Two PWMs driving the same opto

MikeValencia · Joined: 04 Aug 2004 Posts: 238 Location: Chicago

I have two independent PWM pins (CCP1 and ECCP) connected to an optocoupler as shown below. If I want CCP1 to be the PWM source, my plan is to make ECCP1/P1A as an INPUT (thus High Impedance?). Similiarly, when ECCP1 is firing its PWM pulse, I would then configure CCP1 as an INPUT (high impedance?).

My dad's telling me that i need diodes to make something like a wired-OR, but I insist that the circuit is sufficient as long as at least ONE of the pins is an INPUT at all times. A pin enabled as an input is essentially an open circuit (or more exactly, a high impedance) and won't load the circuit down, would it?

newguy · Joined: 24 Jun 2004 Posts: 1907

I'd be inclined to agree with you.
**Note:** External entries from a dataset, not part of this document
(* Let $\forall\overline p\,\Gamma/^2\phi$ be a $\Pi_2$-rule with $\overline p=p_1,\dots,p_n$ and let $C=\{p_1,\dots,p_n\}$. Then $\forall\overline p\,\Gamma/^2\phi$ is admissible over $\vdash_S$ if and only if for every $C$-invariant substitution $\sigma$, $\vdash_S\sigma(\Gamma)$ implies $\vdash_S\sigma(\phi)$.
   Context: $\vdash$ is a finitary structural logic over a signature $\mathcal L$, and $\vdash_S$ a Hilbert-style system for it. A $\Pi_2$-rule $\forall\overline p\,\Gamma/^2\phi$ consists of a finite set of formulas $\Gamma=\{\phi_i(\overline p,\overline q)\}$ and a formula $\phi(\overline q)$ not containing the variables $\overline p$. For a set $\Sigma$ of $\Pi_2$-rules, $\vdash_{S\oplus\Sigma}\psi$ means there is a sequence $\psi_0,\dots,\psi_m=\psi$ where each $\psi_i$ is an axiom instance of $\vdash_S$, or follows from earlier members by a rule of $\vdash_S$, or $\psi_i=\chi(\overline\xi/\overline q)$ where $\forall\overline p\{\mu_0,\dots,\mu_k\}/^2\chi(\overline q)\in\Sigma$ and each $\mu_j(\overline r/\overline p,\overline\xi/\overline q)$ occurs earlier, with $\overline r$ fresh variables not occurring in $\overline\xi$. A $\Pi_2$-rule $\rho$ is admissible over $\vdash_S$ if for all $\psi$, $\vdash_{S\oplus\{\rho\}}\psi$ implies $\vdash_S\psi$. For a finite set $C$ of variables, a substitution $\sigma$ is $C$-invariant if $\sigma(p)=p$ for $p\in C$ and, for every variable $q\notin C$, $\sigma(q)$ contains no variable from $C$. *)

theory Defs
  imports Main
begin

datatype ('f, 'v) form = Var 'v | Op 'f "('f, 'v) form list"

fun vars :: "('f, 'v) form \<Rightarrow> 'v set" where
  "vars (Var v) = {v}"
| "vars (Op f ts) = (\<Union>t\<in>set ts. vars t)"

fun subst :: "('v \<Rightarrow> ('f, 'v) form) \<Rightarrow> ('f, 'v) form \<Rightarrow> ('f, 'v) form" where
  "subst \<sigma> (Var v) = \<sigma> v"
| "subst \<sigma> (Op f ts) = Op f (map (subst \<sigma>) ts)"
You'd only need the wired OR if you were driving both PWMs at the same time.

sseidman · Joined: 14 Mar 2005 Posts: 159

When whichever is an output is high, the input will see 5 volts. When the ouput is low, the input will be at 5 volts, less the voltage drop of the LED, (which can be surprisingly big), less the voltage drop across R3.

Careful about input impedance. I don't think the impedance on the PIC is that great. Let's say its 10K, for giggles. Now, you've got almost as much current going across R3 and R1, and assuming a 2 volt drop across the LED, you're looking at about 0.07V-- seems OK, with plenty of headroom.
Now, consider a high PWM signal. Assuming 10K input impedence, you'll have about 4.8 Volts at the junction of the three resistors (a voltage divider across the 220 ohm and the parallel combo of the 10K resistor and the 10K input impedance, ignoring the second 220 ohm). This should be enough to guarantee that the diode is off, but you might want to make sure to avoid surprises.
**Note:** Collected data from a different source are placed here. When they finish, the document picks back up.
lemma quadratic_form_abs_le:
  fixes M :: "real^'n^'n"
  shows "\<bar>x \<bullet> (M *v x)\<bar> \<le> norm M * (x \<bullet> x)"
proof -
  have "\<bar>x \<bullet> (M *v x)\<bar> \<le> norm x * (norm M * norm x)"
    by (rule order_trans[OF Cauchy_Schwarz_ineq2 mult_left_mono[OF norm_matrix_vector_mult_le]]) simp
  then show ?thesis
    by (simp add: dot_square_norm power2_eq_square algebra_simps)
qed

lemma lam_min_le_quadratic_form:
  fixes M :: "real^'n^'n"
  shows "lam_min M * (x \<bullet> x) \<le> x \<bullet> (M *v x)"
proof (cases "x = 0")
  case False
  have bdd: "bdd_below {x \<bullet> (M *v x) | x. norm x = 1}"
  proof (rule bdd_belowI)
    fix q assume "q \<in> {x \<bullet> (M *v x) | x. norm x = 1}"
    then obtain e where "norm e = 1" "q = e \<bullet> (M *v e)" by blast
    then show "- norm M \<le> q"
      using quadratic_form_abs_le[of e M] by (simp add: dot_square_norm)
  qed
  define e where "e = (1 / norm x) *\<^sub>R x"
  have "norm e = 1" using False by (simp add: e_def)
  then have "lam_min M \<le> e \<bullet> (M *v e)"
    unfolding lam_min_def by (intro cInf_lower[OF _ bdd]) blast
  also have "e \<bullet> (M *v e) = (x \<bullet> (M *v x)) / (x \<bullet> x)"
    by (simp add: e_def matrix_vector_mult_scaleR dot_square_norm power2_eq_square)
  finally show ?thesis
    using False by (simp add: pos_le_divide_eq)
qed simp

lemma lam_min_greatest:
  fixes M :: "real^'n^'n"
  assumes "\<And>x. norm x = 1 \<Longrightarrow> c \<le> x \<bullet> (M *v x)"
  shows "c \<le> lam_min M"
proof -
  have unit: "norm (axis undefined (1::real) :: real^'n) = 1" by simp
  show ?thesis
    unfolding lam_min_def by (intro cInf_greatest) (use assms unit in blast)+
qed

lemma scaled_identity_mult_vec [simp]: "(c *\<^sub>R mat 1 :: real^'n^'n) *v v = c *\<^sub>R v"
  by (metis scaleR_matrix_vector_assoc matrix_vector_mul_lid)

lemma psd_diff_scaled_identity_lower:
  fixes M :: "real^'n^'n"
  assumes "psd (M - c *\<^sub>R mat 1)"
  shows "c * (v \<bullet> v) \<le> v \<bullet> (M *v v)"
proof -
  have "0 \<le> v \<bullet> ((M - c *\<^sub>R mat 1) *v v)" using assms unfolding psd_def by blast
  also have "\<dots> = v \<bullet> (M *v v) - c * (v \<bullet> v)"
    by (simp only: matrix_vector_mult_diff_rdistrib scaled_identity_mult_vec inner_diff_right inner_scaleR_right)
  finally show ?thesis by simp
qed

lemma psd_scaled_identity_diff_upper:
  fixes Q :: "real^'n^'n"
  assumes "psd (c *\<^sub>R mat 1 - Q)"
  shows "transpose Q = Q" and "v \<bullet> (Q *v v) \<le> c * (v \<bullet> v)"
proof -
  have sym: "transpose (c *\<^sub>R mat 1 - Q) = c *\<^sub>R mat 1 - Q" using assms unfolding psd_def by blast
  have "Q$j$i = Q$i$j" for i j
    using arg_cong[OF sym, of "\<lambda>M. M$i$j"] by (simp add: transpose_def mat_def eq_commute[of j i])
  then show "transpose Q = Q" by (simp add: transpose_def vec_eq_iff)
  have "0 \<le> v \<bullet> ((c *\<^sub>R mat 1 - Q) *v v)" using assms unfolding psd_def by blast
  also have "\<dots> = c * (v \<bullet> v) - v \<bullet> (Q *v v)"
    by (simp only: matrix_vector_mult_diff_rdistrib scaled_identity_mult_vec inner_diff_right inner_scaleR_right)
  finally show "v \<bullet> (Q *v v) \<le> c * (v \<bullet> v)" by simp
qed

lemma symmetric_quadratic_form_swap:
  fixes Q :: "real^'n^'n"
  assumes "transpose Q = Q"
  shows "b \<bullet> (Q *v a) = a \<bullet> (Q *v b)"
  by (metis assms dot_lmul_matrix inner_commute transpose_matrix_vector)

lemma quadratic_form_Cauchy_Schwarz:
  fixes Q :: "real^'n^'n"
  assumes sym: "transpose Q = Q" and nonneg: "\<And>v. 0 \<le> v \<bullet> (Q *v v)"
  shows "(a \<bullet> (Q *v b))\<^sup>2 \<le> (a \<bullet> (Q *v a)) * (b \<bullet> (Q *v b))"
proof -
  define \<alpha> \<beta> \<gamma> where "\<alpha> = a \<bullet> (Q *v a)" and "\<beta> = a \<bullet> (Q *v b)" and "\<gamma> = b \<bullet> (Q *v b)"
  have line: "0 \<le> \<alpha> + 2 * t * \<beta> + t\<^sup>2 * \<gamma>" for t
  proof -
    have "0 \<le> (a + t *\<^sub>R b) \<bullet> (Q *v (a + t *\<^sub>R b))" by (rule nonneg)
    also have "\<dots> = \<alpha> + 2 * t * \<beta> + t\<^sup>2 * \<gamma>"
      using symmetric_quadratic_form_swap[OF sym, of b a]
      by (simp add: \<alpha>_def \<beta>_def \<gamma>_def matrix_vector_right_distrib matrix_vector_mult_scaleR
          inner_add_left inner_add_right power2_eq_square algebra_simps)
    finally show ?thesis .
  qed
  show ?thesis
  proof (cases "\<gamma> = 0")
    case True
    have "\<beta> = 0"
    proof (rule ccontr)
      assume "\<beta> \<noteq> 0"
      then show False
        using line[of "- (\<alpha> + 1) / (2 * \<beta>)"] True by (simp add: field_simps)
    qed
    then show ?thesis using True unfolding \<alpha>_def \<beta>_def \<gamma>_def by simp
  next
    case False
    then have "0 < \<gamma>" using nonneg[of b] by (simp add: \<gamma>_def)
    then have "\<beta>\<^sup>2 \<le> \<alpha> * \<gamma>"
      using line[of "- \<beta> / \<gamma>"] by (simp add: field_simps power2_eq_square)
    then show ?thesis by (simp add: \<alpha>_def \<beta>_def \<gamma>_def)
  qed
qed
Let's look at what's going on at the PWM pin when its a low output. Assuming, worst case, a 1 volt drop across the diode, the PWM pin would need to sink 18 mA all on its very own. I know the maximum for the 4431 is 25mA. Keep in mind that just about all of that current is sourced through the diode, so you need to look up that maximum rating, too. I think 18 mA is a tad more than I would design for (from the PIC point of view), especially if the PWM can be 0% for any length of time. The bigger the voltage drop for the diode, the better the number would be (and dramatically so), so you might be OK. If not, you might consider raising R2 and R3, and lowering R1, and redoing the analysis to make sure that a high is still sufficient to turn off the diode.

PCM programmer · Joined: 06 Sep 2003 Posts: 21708

sseidman · Joined: 14 Mar 2005 Posts: 159

MikeValencia · Joined: 04 Aug 2004 Posts: 238 Location: Chicago

Okay, thanks guys --- so the consensus is:

R = V/I = 5V / 1uA = 5 Mohm

I guess tomorrow i'll be soldering some resistors onto my board to make sure it indeed works.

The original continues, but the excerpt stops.